I think this would be better dealt with securityContext.fsGroup in the pod spec.
This modified podTemplate allows files to be written in the mounted volume by a user with group ID 1000, and works fine with Elasticsearch 8.0.0-SNAPSHOT:

apiVersion: elasticsearch.k8s.elastic.co/v1
kind: Elasticsearch
metadata:
  name: elasticsearch-sample
spec:
  version: 8.0.0-SNAPSHOT
  nodeSets:
  - name: default
    count: 3
    podTemplate:
      spec:
        securityContext:
          fsGroup: 1000

I think the right thing to do is replace our custom init container chown mechanism by a default fsGroup that works out of the box.

However I'm not exactly sure of the implications on Openshift. This documentation gives more details.

sebgl on 31 Mar 2020

The difference in Elasticsearch behaviour comes from https://github.com/elastic/elasticsearch/pull/50277, where tini was added to the image as process manager. It does not default to using the root user, which is a good thing IMO.

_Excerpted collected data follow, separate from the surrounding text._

(* There exist dynamic flow networks with only one capacity change in which every minimum dynamic cut and every maximum dynamic flow has exponential complexity: for every $\ell\in\mathbb{N}^+$ there is a dynamic flow network of size polynomial in $\ell$ with only one capacity change such that every minimum dynamic cut and every maximum dynamic flow has complexity at least $2^\ell$. This holds even with acyclic underlying graphs and with discrete time (all transit times, capacity change times and the time horizon being integer multiples of a common time unit, so that time may be discretized into units of that length).
   Context: A dynamic flow network with time-dependent capacities: directed graph $G=(V,E)$, source $s$, target $t$, time horizon $T$, constant transit times $\tau_e\ge0$ and capacity functions $u_e\colon[0,T]\to\mathbb{R}_{\ge0}$ with finitely many discontinuities; "only one capacity change" means all capacities are constant except one edge whose capacity function has a single jump. A dynamic flow is a family of measurable $f_e\colon[0,T-\tau_e]\to\mathbb{R}$ with $f_e\le u_e$ and strong flow conservation (excess $\int_0^\Theta(\sum_{e=(u,v)}f_e(\zeta-\tau_e)-\sum_{e=(v,u)}f_e(\zeta))d\zeta=0$ for all $v\ne s,t$, $\Theta\in[0,T]$); its value is the excess of $t$ at $T$. A dynamic cut is a family $S_v\colon[0,T]\to\{0,1\}$ with $S_s\equiv1$, $S_t\equiv0$ on $[0,T]$, $S_v(\Theta)=1$ for $\Theta>T$, of capacity $\int_0^T\sum_{e=(v,w):S_v(\Theta)=1,S_w(\Theta+\tau_e)=0}u_e(\Theta)d\Theta$. A vertex changes partition at $\Theta$ if $S_v(\Theta-\delta)\ne S_v(\Theta+\delta)$ for all small $\delta>0$; the complexity of a cut is the total number of partition changes over all vertices. Analogously, the complexity of a flow is the total number of changes of the functions $f_e$ over all edges.
   Formalization: The complexity of a cut or flow counts essential change points, where $S_v$ or $f_e$ is not almost everywhere constant on any neighbourhood, instead of points with $S_v(\Theta-\delta)\ne S_v(\Theta+\delta)$ for all small delta; cuts are measurable and flows nonnegative. Each condition added here is assumed in the paper as well or is needed for the statement above to hold. *)

theory Defs
  imports "HOL-Analysis.Analysis" "HOL-Library.Extended_Nat"
begin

I've done some tests regarding fsGroup on Openshift 3.11 (using minishift).

First, there is no problem running 8.0..0-SNAPSHOT on Openshift. Openshift changes the default user the container runs with to an arbitrary one for security reasons (in my example: UID 1000140000). It also ensures this arbitrary user is member of the root group (but is not the root user), which gives it write access to our mounted volume.

Whereas in "regular" Kubernetes, the elasticsearch user in the container cannot write to the mounted volumes owned by root. To fix this, we can set fsGroup: 1000 in the pod spec, which allows the user with UID 1000 to write in mounted volumes.

Setting fsGroup: 1000 on Openshift leads to the Pod not being created at all:

create Pod elasticsearch-sample-es-default-0 in StatefulSet elasticsearch-sample-es-default failed error: pods "elasticsearch-sample-es-default-0" is forbidden: unable to validate against any security context constraint: [fsGroup: Invalid val
ue: []int64{1000}: 1000 is not an allowed group]

One solution to this, detailed in Openshift docs is to not use the default restricted SCC, but to create a custom one where group 1000 is allowed (or part of a range that is allowed).

tl;dr:

we can use fsGroup on most k8s distributions
we cannot use fsGroup on Openshift unless using a custom SCC

Let's see if we can find a common solution here. In any case, changing permissions in the init container does not feel like the right thing to do.

sebgl on 1 Apr 2020

we can use fsGroup on most k8s distributions

I think it will work as long as the cluster is not secured. If there is a PSP that restrict the range for the fsGroup _(which is I would expect on production clusters)_ chances are it will fail the same way I guess.

barkbay on 1 Apr 2020

You're right @barkbay this goes beyond the scope of Openshift vs. not Openshift.

The question is more: is there a PSP (or SCC on Openshift) or not?

IIUC this doc correctly, setting an fsGroup automatically makes all processes running in the container (which may or not be using a runAsUser range) part of the fsGroup supplementary group. So as long as the default PSP specifies an fsGroup (can be a range), the assigned arbitrary user will be able to write in the mounted volumes. So we should just do nothing in this situation.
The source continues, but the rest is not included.